Problem to solve:
Working from the line that contains "by (rule rappor_tester_dichotomy)" down to the last line below, repeat each line exactly.
******************************
lemma sum_Pow_exp_signed_sum:
  fixes w :: "nat \<Rightarrow> real"
  assumes "finite M"
  shows "(\<Sum>Z\<in>Pow M. exp (\<Sum>i\<in>M. pair_sign Z i * w i)) = (\<Prod>i\<in>M. exp (w i) + exp (- w i))"
proof -
  have "(\<Sum>Z\<in>Pow M. exp (\<Sum>i\<in>M. pair_sign Z i * w i))
      = (\<Sum>Z\<in>Pow M. (\<Prod>i\<in>Z. exp (w i)) * (\<Prod>i\<in>M - Z. exp (- w i)))"
  proof (intro sum.cong refl)
    fix Z assume "Z \<in> Pow M"
    then have "M \<inter> {i. i \<in> Z} = Z" "M \<inter> - {i. i \<in> Z} = M - Z" by auto
    moreover have "exp (\<Sum>i\<in>M. pair_sign Z i * w i)
        = (\<Prod>i\<in>M. if i \<in> Z then exp (w i) else exp (- w i))"
      unfolding exp_sum[OF assms] by (intro prod.cong refl) (simp add: pair_sign_def)
    ultimately show "exp (\<Sum>i\<in>M. pair_sign Z i * w i)
        = (\<Prod>i\<in>Z. exp (w i)) * (\<Prod>i\<in>M - Z. exp (- w i))"
      using prod.If_cases[OF assms, of "\<lambda>i. i \<in> Z" "\<lambda>i. exp (w i)" "\<lambda>i. exp (- w i)"]
      by simp
  qed
  also have "\<dots> = (\<Prod>i\<in>M. exp (w i) + exp (- w i))"
    using assms by (rule prod_add[symmetric])
  finally show ?thesis .
qed

lemma exp_add_exp_uminus_le:
  fixes y :: real
  assumes "\<bar>y\<bar> \<le> 1"
  shows "exp y + exp (- y) \<le> 2 * exp (y^2)"
proof -
  define x where "x = \<bar>y\<bar>"
  have x: "0 \<le> x" "x \<le> 1" using assms unfolding x_def by auto
  have "exp (- x) \<le> 1 / (1 + x)"
    using exp_ge_add_one_self[of x] x by (simp add: exp_minus divide_simps)
  also have "\<dots> \<le> 1 - x + x^2"
    using x by (simp add: field_simps power2_eq_square mult_nonneg_nonneg)
  finally have "exp x + exp (- x) \<le> 2 * (1 + x^2)"
    using exp_bound[OF x] by simp
  also have "\<dots> \<le> 2 * exp (x^2)"
    using exp_ge_add_one_self[of "x^2"] by (rule mult_left_mono) simp
  finally show ?thesis
    unfolding x_def by (cases "0 \<le> y") (auto simp: add.commute)
qed

lemma sum_Pow_exp_sign_products_le:
  fixes w :: "nat \<Rightarrow> real" and Y :: real
  assumes M: "finite M" and w: "\<And>i. i \<in> M \<Longrightarrow> \<bar>w i\<bar> \<le> Y" and "Y \<le> 1"
  shows "(\<Sum>Z\<in>Pow M. \<Sum>Z'\<in>Pow M. exp (\<Sum>i\<in>M. pair_sign Z i * pair_sign Z' i * w i))
           \<le> (2 ^ card M)^2 * exp (card M * Y^2)"
proof -
  have inner: "(\<Sum>Z'\<in>Pow M. exp (\<Sum>i\<in>M. pair_sign Z i * pair_sign Z' i * w i))
      \<le> 2 ^ card M * exp (card M * Y^2)" for Z
  proof -
    let ?v = "\<lambda>i. pair_sign Z i * w i"
    have abs_v: "\<bar>?v i\<bar> \<le> Y" if "i \<in> M" for i
      using w[OF that] by (simp add: pair_sign_def abs_mult)
    have "(\<Sum>Z'\<in>Pow M. exp (\<Sum>i\<in>M. pair_sign Z i * pair_sign Z' i * w i))
        = (\<Prod>i\<in>M. exp (?v i) + exp (- ?v i))"
      using sum_Pow_exp_signed_sum[OF M, of ?v] by (simp add: mult_ac)
    also have "\<dots> \<le> (\<Prod>i\<in>M. 2 * exp (Y^2))"
    proof (intro prod_mono conjI)
      fix i assume i: "i \<in> M"
      show "0 \<le> exp (?v i) + exp (- ?v i)" by (simp add: add_nonneg_nonneg)
      have "exp (?v i) + exp (- ?v i) \<le> 2 * exp (?v i ^ 2)"
        using abs_v[OF i] \<open>Y \<le> 1\<close> by (intro exp_add_exp_uminus_le) linarith
      also have "?v i ^ 2 \<le> Y^2"
        using abs_v[OF i] by (metis abs_ge_zero power2_abs power_mono)
      finally show "exp (?v i) + exp (- ?v i) \<le> 2 * exp (Y^2)" by simp
    qed
    also have "\<dots> = 2 ^ card M * exp (card M * Y^2)"
      by (simp add: power_mult_distrib exp_of_nat_mult[symmetric])
    finally show ?thesis .
  qed
  have "(\<Sum>Z\<in>Pow M. \<Sum>Z'\<in>Pow M. exp (\<Sum>i\<in>M. pair_sign Z i * pair_sign Z' i * w i))
      \<le> (\<Sum>Z\<in>Pow M. 2 ^ card M * exp (card M * Y^2))"
    by (intro sum_mono inner)
  also have "\<dots> = (2 ^ card M)^2 * exp (card M * Y^2)"
    using M by (simp add: card_Pow power2_eq_square)
  finally show ?thesis .
qed

lemma exp_less_ten_ninths:
  fixes x :: real
  assumes "0 \<le> x" "x < 1/10"
  shows "exp x < 10/9"
proof -
  have "x^2 \<le> x / 10"
    using assms mult_right_mono[of x "1/10" x] by (simp add: power2_eq_square)
  moreover have "exp x \<le> 1 + x + x^2"
    using assms by (intro exp_bound) auto
  ultimately show ?thesis using assms by linarith
qed

lemma powr_three_halves:
  assumes "0 \<le> x"
  shows "x powr (3/2) = sqrt x ^ 3"
proof -
  have "x powr (3/2) = x powr (1 + 1/2)" by simp
  also have "\<dots> = x powr 1 * x powr (1/2)" by (rule powr_add)
  also have "\<dots> = sqrt x ^ 2 * sqrt x" using assms by (simp add: powr_half_sqrt)
  finally show ?thesis by (simp add: power3_eq_cube power2_eq_square)
qed

lemma lower_bound_of_dichotomy:
  fixes k m n q :: real
  assumes k: "1 \<le> k" and q: "0 < q" and n: "0 \<le> n" and m: "0 \<le> m" "m \<le> k / 2"
    and dichotomy: "1 \<le> 128 * n * q / k^2 \<or> 10/9 \<le> exp (m * (128 * n * q / k^2)^2)"
  shows "1/300 * k powr (3/2) / q \<le> n"
proof (rule ccontr)
  define s where "s = sqrt k"
  define Y where "Y = 128 * n * q / k^2"
  have s: "1 \<le> s" "k = s^2" unfolding s_def using k by auto
  assume "\<not> ?thesis"
  then have nq: "n * q < s^3 / 300"
    using q k by (simp add: powr_three_halves s_def field_simps)
  have "Y = 128 * (n * q) / s^4"
    unfolding Y_def s(2) by (simp add: power_mult[symmetric])
  also have "\<dots> < 128 * (s^3 / 300) / s^4"
    using nq s(1) by (intro divide_strict_right_mono) auto
  also have "\<dots> = 128 / 300 / s"
    using s(1) by (simp add: field_simps power_numeral_reduce)
  finally have Y_less: "Y < 128 / 300 / s" .
  have Y0: "0 \<le> Y" unfolding Y_def using n q by simp
  have "128 / 300 / s \<le> 128 / 300" using s(1) by (simp add: field_simps)
  with Y_less have "Y < 1" by linarith
  have "m * Y^2 \<le> s^2 / 2 * (128 / 300 / s)^2"
    using m s Y0 Y_less by (intro mult_mono power_mono) auto
  also have "\<dots> < 1/10"
    using s(1) by (simp add: field_simps power2_eq_square)
  finally have "exp (m * Y^2) < 10/9"
    using m Y0 by (intro exp_less_ten_ninths) auto
  with \<open>Y < 1\<close> dichotomy show False unfolding Y_def by linarith
qed

lemma pmf_reports_unif_pos:
  assumes "1 \<le> k" "\<omega> \<in> report_space k n"
  shows "0 < pmf (reports k eps n (unif k)) \<omega>"
proof -
  have "\<omega> i \<subseteq> {1..k}" if "i < n" for i
    using assms(2) that unfolding report_space_def PiE_dflt_def by auto
  then show ?thesis
    using assms noise_prob_pos avg_ratio_pos[OF assms(1)]
    by (auto simp: pmf_reports pmf_bind_rappor_unif intro!: prod_pos)
qed

lemma dTV_perturbed_unif_gt:
  assumes "2 \<le> k" "0 < gamma" "gamma \<le> 1/4"
  shows "gamma < dTV k (perturbed k (4 * gamma) Z) (unif k)"
proof -
  have "k < 4 * (k div 2)" using assms(1) by presburger
  then have "real k < 4 * real (k div 2)" by linarith
  then show ?thesis
    using assms by (simp add: dTV_perturbed_unif field_simps)
qed

lemma rappor_tester_second_moment:
  assumes k: "2 \<le> k" and gamma: "0 < gamma" "gamma \<le> 1/4"
    and T: "rappor_uniformity_tester k eps gamma n T"
  shows "10/9 \<le> (\<Sum>Z\<in>Pow {1..k div 2}. \<Sum>Z'\<in>Pow {1..k div 2}. \<Sum>\<omega>\<in>report_space k n.
      pmf (reports k eps n (perturbed k (4 * gamma) Z)) \<omega>
        * pmf (reports k eps n (perturbed k (4 * gamma) Z')) \<omega>
        / pmf (reports k eps n (unif k)) \<omega>) / card (Pow {1..k div 2}) ^ 2"
proof (rule mixture_second_moment_ge_of_test)
  have k1: "1 \<le> k" and g: "0 \<le> 4 * gamma" "4 * gamma \<le> 1" using assms by auto
  have unif: "set_pmf (unif k) \<subseteq> {1..k}" by (rule set_pmf_unif[OF k1])
  have pert: "set_pmf (perturbed k (4 * gamma) Z) \<subseteq> {1..k}" for Z
    by (rule set_pmf_perturbed[OF k1 g])
  show "finite (report_space k n)" by (rule finite_report_space)
  show "(\<Sum>\<omega>\<in>report_space k n. pmf (reports k eps n (unif k)) \<omega>) = 1"
    by (rule sum_pmf_eq_1[OF finite_report_space set_pmf_reports[OF unif]])
  show "(\<Sum>\<omega>\<in>report_space k n. pmf (reports k eps n (perturbed k (4 * gamma) Z)) \<omega>) = 1" for Z
    by (rule sum_pmf_eq_1[OF finite_report_space set_pmf_reports[OF pert]])
  show "2/3 \<le> (\<Sum>\<omega>\<in>report_space k n. pmf (reports k eps n (unif k)) \<omega> * pmf (T \<omega>) True)"
    using T unif unfolding rappor_uniformity_tester_def is_dist_on_def
    by (simp add: accept_prob_eq_sum[OF unif])
  show "(\<Sum>\<omega>\<in>report_space k n. pmf (reports k eps n (perturbed k (4 * gamma) Z)) \<omega>
      * pmf (T \<omega>) True) \<le> 1/3" for Z
    using T pert dTV_perturbed_unif_gt[OF k gamma]
    unfolding rappor_uniformity_tester_def is_dist_on_def
    by (force simp: accept_prob_eq_sum[OF pert])
qed (use pmf_reports_unif_pos[of k] k in \<open>auto simp: pmf_le_1\<close>)

lemma rappor_tester_dichotomy:
  assumes k: "2 \<le> k" and gamma: "0 < gamma" "gamma \<le> 1/4" and eps: "0 < eps" "eps \<le> 1"
    and T: "rappor_uniformity_tester k eps gamma n T"
  defines "Y \<equiv> 128 * n * (gamma^2 * eps^2) / k^2"
  shows "1 \<le> Y \<or> 10/9 \<le> exp (real (k div 2) * Y^2)"
proof (cases "1 \<le> Y")
  case False
  define m where "m = k div 2"
  define w where "w i = n * ((4 * gamma) / k)^2 * pair_energy k eps i" for i
  let ?P = "\<lambda>Z. pmf (reports k eps n (perturbed k (4 * gamma) Z))"
  let ?U = "pmf (reports k eps n (unif k))"
  have k1: "1 \<le> k" and g: "0 \<le> 4 * gamma" "4 * gamma \<le> 1" using assms by auto
  have w: "\<bar>w i\<bar> \<le> Y" if "i \<in> {1..m}" for i
  proof -
    have "\<bar>w i\<bar> = n * ((4 * gamma) / k)^2 * pair_energy k eps i"
      using pair_energy_nonneg[OF k1, of eps i] unfolding w_def by (simp add: abs_mult)
    also have "\<dots> \<le> n * ((4 * gamma) / k)^2 * (8 * eps^2)"
      using pair_energy_le[OF k1, of eps i] exp_mult_sq_diff_le[of eps] eps
      by (intro mult_left_mono) auto
    also have "\<dots> = Y" unfolding Y_def by (simp add: power2_eq_square field_simps)
    finally show ?thesis .
  qed
  let ?S = "\<Sum>Z\<in>Pow {1..m}. \<Sum>Z'\<in>Pow {1..m}. \<Sum>\<omega>\<in>report_space k n. ?P Z \<omega> * ?P Z' \<omega> / ?U \<omega>"
  have "?S \<le> (\<Sum>Z\<in>Pow {1..m}. \<Sum>Z'\<in>Pow {1..m}.
                  exp (\<Sum>i\<in>{1..m}. pair_sign Z i * pair_sign Z' i * w i))"
    using sum_reports_likelihood_ratio_le[OF k1 g]
    unfolding m_def w_def by (intro sum_mono) (simp add: sum_distrib_left mult_ac)
  also have "\<dots> \<le> (2 ^ m)^2 * exp (m * Y^2)"
    using sum_Pow_exp_sign_products_le[of "{1..m}" w Y] w False by simp
  finally have S: "?S \<le> (2 ^ m)^2 * exp (m * Y^2)" .
  have "10/9 \<le> ?S / (2 ^ m)^2"
    using rappor_tester_second_moment[OF k gamma T] unfolding m_def by (simp add: card_Pow)
  also have "\<dots> \<le> exp (m * Y^2)"
    using S by (simp add: pos_divide_le_eq mult.commute)
  finally show ?thesis unfolding m_def by (rule disjI2)
qed simp

theorem theorem5p2:
  shows "\<exists>c>0. \<forall>k::nat. \<forall>gamma::real. \<forall>eps::real. \<forall>n::nat.
           \<forall>T :: (nat \<Rightarrow> nat set) \<Rightarrow> bool pmf.
             k \<ge> 2 \<longrightarrow> 0 < gamma \<longrightarrow> gamma \<le> 1/4 \<longrightarrow> 0 < eps \<longrightarrow> eps \<le> 1 \<longrightarrow>
             rappor_uniformity_tester k eps gamma n T \<longrightarrow>
             real n \<ge> c * real k powr (3/2) / (gamma^2 * eps^2)"
proof (intro exI[of _ "1/300"] conjI allI impI)
  fix k n :: nat and gamma eps :: real and T :: "(nat \<Rightarrow> nat set) \<Rightarrow> bool pmf"
  assume "k \<ge> 2" "0 < gamma" "gamma \<le> 1/4" "0 < eps" "eps \<le> 1"
    and "rappor_uniformity_tester k eps gamma n T"
  then have "1 \<le> 128 * n * (gamma^2 * eps^2) / k^2
      \<or> 10/9 \<le> exp (real (k div 2) * (128 * n * (gamma^2 * eps^2) / k^2)^2)"
    by (rule rappor_tester_dichotomy)
  moreover have "real (k div 2) \<le> real k / 2" by linarith
  ultimately show "real n \<ge> 1/300 * real k powr (3/2) / (gamma^2 * eps^2)"
    using \<open>k \<ge> 2\<close> \<open>0 < gamma\<close> \<open>0 < eps\<close> by (intro lower_bound_of_dichotomy) auto
qed simp

end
******************************
Output:
    by (rule rappor_tester_dichotomy)
  moreover have "real (k div 2) \<le> real k / 2" by linarith
  ultimately show "real n \<ge> 1/300 * real k powr (3/2) / (gamma^2 * eps^2)"
    using \<open>k \<ge> 2\<close> \<open>0 < gamma\<close> \<open>0 < eps\<close> by (intro lower_bound_of_dichotomy) auto
qed simp

end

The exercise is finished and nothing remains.